- [Information provided]:
+++
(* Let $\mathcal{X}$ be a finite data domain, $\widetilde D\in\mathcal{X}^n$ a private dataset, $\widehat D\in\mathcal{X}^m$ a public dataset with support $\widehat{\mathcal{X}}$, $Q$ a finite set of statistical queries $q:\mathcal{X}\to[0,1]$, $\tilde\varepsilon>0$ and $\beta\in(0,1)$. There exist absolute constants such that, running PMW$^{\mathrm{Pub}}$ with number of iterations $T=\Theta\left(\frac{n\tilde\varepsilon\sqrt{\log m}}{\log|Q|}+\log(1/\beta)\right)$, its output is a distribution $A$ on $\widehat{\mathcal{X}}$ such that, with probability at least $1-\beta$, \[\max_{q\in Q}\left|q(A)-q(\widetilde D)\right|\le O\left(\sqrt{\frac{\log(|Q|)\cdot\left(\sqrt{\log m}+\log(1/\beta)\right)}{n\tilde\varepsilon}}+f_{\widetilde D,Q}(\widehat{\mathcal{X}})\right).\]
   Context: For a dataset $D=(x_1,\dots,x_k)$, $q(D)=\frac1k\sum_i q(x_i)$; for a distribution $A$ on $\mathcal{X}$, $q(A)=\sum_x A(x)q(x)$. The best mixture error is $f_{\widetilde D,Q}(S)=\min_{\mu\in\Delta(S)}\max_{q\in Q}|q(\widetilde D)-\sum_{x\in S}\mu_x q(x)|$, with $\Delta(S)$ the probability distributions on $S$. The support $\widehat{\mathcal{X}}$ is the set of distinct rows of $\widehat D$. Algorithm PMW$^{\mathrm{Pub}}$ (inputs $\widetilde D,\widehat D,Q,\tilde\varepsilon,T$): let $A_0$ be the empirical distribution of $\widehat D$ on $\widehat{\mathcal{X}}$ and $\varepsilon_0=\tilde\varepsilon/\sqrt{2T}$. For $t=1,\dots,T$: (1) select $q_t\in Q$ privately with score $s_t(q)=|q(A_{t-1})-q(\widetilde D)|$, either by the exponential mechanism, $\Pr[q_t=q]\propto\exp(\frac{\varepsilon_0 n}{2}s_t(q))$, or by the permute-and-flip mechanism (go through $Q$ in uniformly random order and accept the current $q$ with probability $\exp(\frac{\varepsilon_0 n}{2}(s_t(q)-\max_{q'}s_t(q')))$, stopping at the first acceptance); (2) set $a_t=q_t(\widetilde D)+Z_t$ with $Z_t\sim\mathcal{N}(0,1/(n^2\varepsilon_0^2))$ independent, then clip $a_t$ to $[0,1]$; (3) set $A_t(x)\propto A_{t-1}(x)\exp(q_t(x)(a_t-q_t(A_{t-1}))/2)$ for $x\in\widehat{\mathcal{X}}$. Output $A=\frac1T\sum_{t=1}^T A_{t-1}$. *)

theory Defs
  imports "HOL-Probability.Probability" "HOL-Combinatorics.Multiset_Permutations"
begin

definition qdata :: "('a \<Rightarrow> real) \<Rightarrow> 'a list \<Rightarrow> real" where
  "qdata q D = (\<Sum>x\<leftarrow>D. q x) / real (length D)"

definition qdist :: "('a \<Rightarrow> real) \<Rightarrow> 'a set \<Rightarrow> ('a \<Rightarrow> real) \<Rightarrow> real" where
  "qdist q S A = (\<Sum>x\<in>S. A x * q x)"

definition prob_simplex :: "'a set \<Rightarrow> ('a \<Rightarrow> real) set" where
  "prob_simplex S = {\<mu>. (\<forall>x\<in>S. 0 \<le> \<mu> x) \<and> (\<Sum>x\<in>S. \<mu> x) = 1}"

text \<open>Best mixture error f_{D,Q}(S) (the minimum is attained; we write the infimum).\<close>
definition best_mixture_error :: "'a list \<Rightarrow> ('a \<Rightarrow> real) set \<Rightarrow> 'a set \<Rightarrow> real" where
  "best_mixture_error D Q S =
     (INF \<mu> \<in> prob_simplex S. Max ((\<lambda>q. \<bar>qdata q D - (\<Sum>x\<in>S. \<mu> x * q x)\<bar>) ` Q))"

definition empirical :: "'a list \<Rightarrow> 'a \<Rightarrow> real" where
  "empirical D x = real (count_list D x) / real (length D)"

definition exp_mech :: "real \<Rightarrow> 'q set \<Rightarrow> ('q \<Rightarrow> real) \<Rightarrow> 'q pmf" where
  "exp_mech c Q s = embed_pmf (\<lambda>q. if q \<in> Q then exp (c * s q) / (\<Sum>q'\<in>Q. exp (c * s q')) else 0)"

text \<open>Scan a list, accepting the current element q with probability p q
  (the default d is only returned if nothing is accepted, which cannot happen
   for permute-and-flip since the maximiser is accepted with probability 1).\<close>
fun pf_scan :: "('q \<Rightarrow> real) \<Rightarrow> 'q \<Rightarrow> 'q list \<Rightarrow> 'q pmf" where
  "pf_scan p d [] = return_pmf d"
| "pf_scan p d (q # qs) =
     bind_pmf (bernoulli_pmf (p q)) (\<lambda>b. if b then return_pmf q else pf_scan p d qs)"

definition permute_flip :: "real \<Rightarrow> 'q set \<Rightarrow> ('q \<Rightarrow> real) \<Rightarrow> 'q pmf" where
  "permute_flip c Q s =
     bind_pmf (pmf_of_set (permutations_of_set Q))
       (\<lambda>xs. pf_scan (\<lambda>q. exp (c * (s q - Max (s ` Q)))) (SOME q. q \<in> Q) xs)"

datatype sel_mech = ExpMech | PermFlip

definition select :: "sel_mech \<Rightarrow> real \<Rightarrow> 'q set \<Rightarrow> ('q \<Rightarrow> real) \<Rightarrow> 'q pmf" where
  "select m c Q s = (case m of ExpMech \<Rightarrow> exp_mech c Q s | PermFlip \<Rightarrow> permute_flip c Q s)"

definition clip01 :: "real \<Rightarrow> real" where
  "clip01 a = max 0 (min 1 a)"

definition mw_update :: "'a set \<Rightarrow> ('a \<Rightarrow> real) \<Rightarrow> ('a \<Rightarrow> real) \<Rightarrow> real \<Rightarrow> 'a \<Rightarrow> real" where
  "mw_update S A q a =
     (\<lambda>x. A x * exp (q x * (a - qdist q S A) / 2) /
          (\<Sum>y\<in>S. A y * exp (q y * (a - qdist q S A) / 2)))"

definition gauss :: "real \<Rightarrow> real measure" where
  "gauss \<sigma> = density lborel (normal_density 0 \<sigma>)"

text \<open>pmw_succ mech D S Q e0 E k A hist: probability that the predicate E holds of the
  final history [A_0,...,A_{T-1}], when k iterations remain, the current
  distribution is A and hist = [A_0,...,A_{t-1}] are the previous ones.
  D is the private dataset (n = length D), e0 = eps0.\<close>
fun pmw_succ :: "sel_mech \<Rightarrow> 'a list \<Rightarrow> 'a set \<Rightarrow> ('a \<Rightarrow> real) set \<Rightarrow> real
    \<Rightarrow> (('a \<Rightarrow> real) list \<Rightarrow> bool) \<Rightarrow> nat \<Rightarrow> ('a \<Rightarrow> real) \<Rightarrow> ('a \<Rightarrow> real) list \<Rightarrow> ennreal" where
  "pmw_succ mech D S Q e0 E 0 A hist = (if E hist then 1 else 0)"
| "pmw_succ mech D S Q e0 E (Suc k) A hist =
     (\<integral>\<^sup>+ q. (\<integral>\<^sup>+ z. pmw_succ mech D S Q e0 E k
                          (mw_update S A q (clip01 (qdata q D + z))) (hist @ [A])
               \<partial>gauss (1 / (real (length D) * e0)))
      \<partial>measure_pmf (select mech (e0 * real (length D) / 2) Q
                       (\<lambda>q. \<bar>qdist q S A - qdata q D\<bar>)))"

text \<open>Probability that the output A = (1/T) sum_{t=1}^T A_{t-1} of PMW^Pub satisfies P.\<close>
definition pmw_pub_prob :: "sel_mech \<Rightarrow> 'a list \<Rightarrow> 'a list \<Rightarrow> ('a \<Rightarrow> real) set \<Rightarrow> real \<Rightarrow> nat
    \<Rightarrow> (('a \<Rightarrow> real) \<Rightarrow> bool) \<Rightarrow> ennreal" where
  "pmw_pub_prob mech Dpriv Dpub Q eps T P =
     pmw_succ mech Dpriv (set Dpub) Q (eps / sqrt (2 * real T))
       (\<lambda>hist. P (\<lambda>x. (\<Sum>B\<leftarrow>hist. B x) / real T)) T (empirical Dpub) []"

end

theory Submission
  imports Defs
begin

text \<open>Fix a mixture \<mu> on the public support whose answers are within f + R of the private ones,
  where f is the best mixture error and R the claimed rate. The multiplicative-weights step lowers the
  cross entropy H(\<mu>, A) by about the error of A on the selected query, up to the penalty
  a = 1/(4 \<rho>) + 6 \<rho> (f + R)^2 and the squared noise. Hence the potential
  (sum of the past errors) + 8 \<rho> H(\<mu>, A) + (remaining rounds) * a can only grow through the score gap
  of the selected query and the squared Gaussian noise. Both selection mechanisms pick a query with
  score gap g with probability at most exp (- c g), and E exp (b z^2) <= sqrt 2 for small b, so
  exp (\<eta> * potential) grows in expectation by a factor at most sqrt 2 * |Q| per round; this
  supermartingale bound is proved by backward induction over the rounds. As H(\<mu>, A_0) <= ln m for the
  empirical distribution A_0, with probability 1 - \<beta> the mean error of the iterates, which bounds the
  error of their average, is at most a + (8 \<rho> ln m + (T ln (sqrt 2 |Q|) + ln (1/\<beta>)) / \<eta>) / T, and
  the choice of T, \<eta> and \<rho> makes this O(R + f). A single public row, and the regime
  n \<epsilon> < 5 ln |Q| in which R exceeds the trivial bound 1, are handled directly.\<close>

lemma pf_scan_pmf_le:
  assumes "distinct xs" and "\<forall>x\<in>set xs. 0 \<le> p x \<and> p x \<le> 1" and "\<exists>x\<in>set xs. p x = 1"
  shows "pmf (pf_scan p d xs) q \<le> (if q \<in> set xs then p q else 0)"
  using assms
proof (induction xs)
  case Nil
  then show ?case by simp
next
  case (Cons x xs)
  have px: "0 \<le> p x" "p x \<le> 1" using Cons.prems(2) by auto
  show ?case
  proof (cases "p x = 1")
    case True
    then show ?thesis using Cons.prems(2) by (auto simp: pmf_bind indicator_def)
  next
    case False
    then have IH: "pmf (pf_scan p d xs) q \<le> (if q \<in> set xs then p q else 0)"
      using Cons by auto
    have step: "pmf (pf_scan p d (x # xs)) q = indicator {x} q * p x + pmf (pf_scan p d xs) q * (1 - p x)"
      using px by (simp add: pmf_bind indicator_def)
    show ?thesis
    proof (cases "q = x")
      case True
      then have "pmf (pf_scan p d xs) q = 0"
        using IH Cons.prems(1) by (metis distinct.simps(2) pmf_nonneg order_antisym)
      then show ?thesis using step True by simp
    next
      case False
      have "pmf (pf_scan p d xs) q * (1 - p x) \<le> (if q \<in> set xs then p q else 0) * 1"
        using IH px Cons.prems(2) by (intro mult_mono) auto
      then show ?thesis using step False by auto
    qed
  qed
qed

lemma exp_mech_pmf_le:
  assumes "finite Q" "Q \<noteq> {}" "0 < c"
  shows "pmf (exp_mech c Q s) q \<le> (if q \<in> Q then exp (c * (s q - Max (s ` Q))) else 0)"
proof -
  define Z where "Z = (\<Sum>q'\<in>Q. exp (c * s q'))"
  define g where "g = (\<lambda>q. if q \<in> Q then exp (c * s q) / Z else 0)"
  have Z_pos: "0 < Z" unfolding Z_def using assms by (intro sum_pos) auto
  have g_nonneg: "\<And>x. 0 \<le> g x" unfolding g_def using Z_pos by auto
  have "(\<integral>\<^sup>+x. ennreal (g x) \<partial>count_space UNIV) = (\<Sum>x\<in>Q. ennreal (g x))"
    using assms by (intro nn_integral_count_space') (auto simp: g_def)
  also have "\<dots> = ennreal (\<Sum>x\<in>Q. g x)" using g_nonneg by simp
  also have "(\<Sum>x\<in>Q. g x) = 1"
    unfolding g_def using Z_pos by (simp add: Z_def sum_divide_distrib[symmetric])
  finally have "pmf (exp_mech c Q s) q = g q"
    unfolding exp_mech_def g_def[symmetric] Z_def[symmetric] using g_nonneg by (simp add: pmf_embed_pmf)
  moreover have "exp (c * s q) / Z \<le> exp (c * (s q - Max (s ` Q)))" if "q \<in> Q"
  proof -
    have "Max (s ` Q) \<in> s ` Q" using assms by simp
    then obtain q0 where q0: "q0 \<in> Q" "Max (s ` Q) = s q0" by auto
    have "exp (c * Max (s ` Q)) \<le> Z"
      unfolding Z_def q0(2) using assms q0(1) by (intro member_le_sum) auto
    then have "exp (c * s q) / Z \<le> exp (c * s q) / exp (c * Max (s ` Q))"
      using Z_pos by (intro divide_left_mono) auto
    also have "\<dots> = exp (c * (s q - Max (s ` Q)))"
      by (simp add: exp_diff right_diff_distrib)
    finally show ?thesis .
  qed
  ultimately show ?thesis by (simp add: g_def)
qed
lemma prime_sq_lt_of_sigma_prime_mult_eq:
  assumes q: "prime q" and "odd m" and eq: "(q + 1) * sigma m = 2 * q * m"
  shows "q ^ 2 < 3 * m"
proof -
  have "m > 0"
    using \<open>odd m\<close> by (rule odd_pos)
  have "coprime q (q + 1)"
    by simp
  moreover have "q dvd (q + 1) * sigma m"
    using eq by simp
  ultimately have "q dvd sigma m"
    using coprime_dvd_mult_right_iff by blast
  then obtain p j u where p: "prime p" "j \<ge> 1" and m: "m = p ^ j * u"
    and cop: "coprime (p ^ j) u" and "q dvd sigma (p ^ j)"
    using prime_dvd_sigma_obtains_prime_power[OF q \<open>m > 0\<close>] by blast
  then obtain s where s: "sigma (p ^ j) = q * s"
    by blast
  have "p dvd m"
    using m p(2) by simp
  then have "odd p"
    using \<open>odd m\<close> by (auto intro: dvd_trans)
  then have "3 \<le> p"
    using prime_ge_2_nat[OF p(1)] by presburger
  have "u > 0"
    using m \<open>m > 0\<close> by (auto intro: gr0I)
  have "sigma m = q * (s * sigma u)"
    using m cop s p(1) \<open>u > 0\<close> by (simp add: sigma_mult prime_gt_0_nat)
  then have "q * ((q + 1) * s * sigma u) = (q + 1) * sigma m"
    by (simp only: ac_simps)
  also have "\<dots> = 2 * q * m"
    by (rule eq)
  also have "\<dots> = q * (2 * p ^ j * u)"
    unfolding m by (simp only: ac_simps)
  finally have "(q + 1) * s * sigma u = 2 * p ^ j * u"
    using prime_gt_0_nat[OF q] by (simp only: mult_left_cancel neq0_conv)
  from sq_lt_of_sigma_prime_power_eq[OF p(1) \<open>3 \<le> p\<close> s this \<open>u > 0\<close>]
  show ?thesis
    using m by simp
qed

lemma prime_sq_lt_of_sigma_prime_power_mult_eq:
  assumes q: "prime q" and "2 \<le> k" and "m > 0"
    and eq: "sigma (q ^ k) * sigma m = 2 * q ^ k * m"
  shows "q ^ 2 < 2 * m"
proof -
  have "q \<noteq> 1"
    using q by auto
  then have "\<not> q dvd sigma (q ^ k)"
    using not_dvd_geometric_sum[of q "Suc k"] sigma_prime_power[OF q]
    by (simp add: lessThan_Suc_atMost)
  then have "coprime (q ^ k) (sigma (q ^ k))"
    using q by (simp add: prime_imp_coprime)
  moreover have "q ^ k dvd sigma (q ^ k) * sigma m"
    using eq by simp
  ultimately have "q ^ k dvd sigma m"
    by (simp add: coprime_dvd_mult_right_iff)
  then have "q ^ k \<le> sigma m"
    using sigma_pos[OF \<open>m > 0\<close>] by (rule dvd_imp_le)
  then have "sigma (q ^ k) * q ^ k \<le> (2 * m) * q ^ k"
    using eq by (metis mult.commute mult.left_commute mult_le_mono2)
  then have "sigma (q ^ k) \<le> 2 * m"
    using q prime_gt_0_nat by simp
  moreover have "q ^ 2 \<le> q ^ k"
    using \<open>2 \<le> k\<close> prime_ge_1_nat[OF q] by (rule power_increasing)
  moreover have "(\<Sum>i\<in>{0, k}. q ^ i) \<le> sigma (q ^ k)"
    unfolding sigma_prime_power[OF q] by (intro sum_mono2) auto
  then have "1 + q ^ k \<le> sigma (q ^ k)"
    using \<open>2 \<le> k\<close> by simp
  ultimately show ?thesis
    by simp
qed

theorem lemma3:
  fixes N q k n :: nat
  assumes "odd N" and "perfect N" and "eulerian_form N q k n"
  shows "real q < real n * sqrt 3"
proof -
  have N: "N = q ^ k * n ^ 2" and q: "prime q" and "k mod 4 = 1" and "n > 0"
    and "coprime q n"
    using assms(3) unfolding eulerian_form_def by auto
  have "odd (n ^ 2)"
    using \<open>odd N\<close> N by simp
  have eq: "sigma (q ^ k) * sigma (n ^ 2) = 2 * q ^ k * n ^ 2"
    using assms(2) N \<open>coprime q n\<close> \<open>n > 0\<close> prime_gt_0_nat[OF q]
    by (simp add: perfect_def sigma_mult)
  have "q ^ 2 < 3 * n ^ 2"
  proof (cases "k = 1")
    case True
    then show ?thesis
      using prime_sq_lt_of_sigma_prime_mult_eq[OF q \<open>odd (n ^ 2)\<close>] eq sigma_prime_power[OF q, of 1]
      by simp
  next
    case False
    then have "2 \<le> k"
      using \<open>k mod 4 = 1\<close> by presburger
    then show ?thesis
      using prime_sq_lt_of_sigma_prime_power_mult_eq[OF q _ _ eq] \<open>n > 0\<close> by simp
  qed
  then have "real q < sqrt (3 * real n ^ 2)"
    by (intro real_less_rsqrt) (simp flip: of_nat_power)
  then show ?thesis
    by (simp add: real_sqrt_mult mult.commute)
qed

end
+++
Every line with the word "Dpub" in it should be copied from the listing above.

  "pmw_pub_prob mech Dpriv Dpub Q eps T P =
     pmw_succ mech Dpriv (set Dpub) Q (eps / sqrt (2 * real T))
       (\<lambda>hist. P (\<lambda>x. (\<Sum>B\<leftarrow>hist. B x) / real T)) T (empirical Dpub) []"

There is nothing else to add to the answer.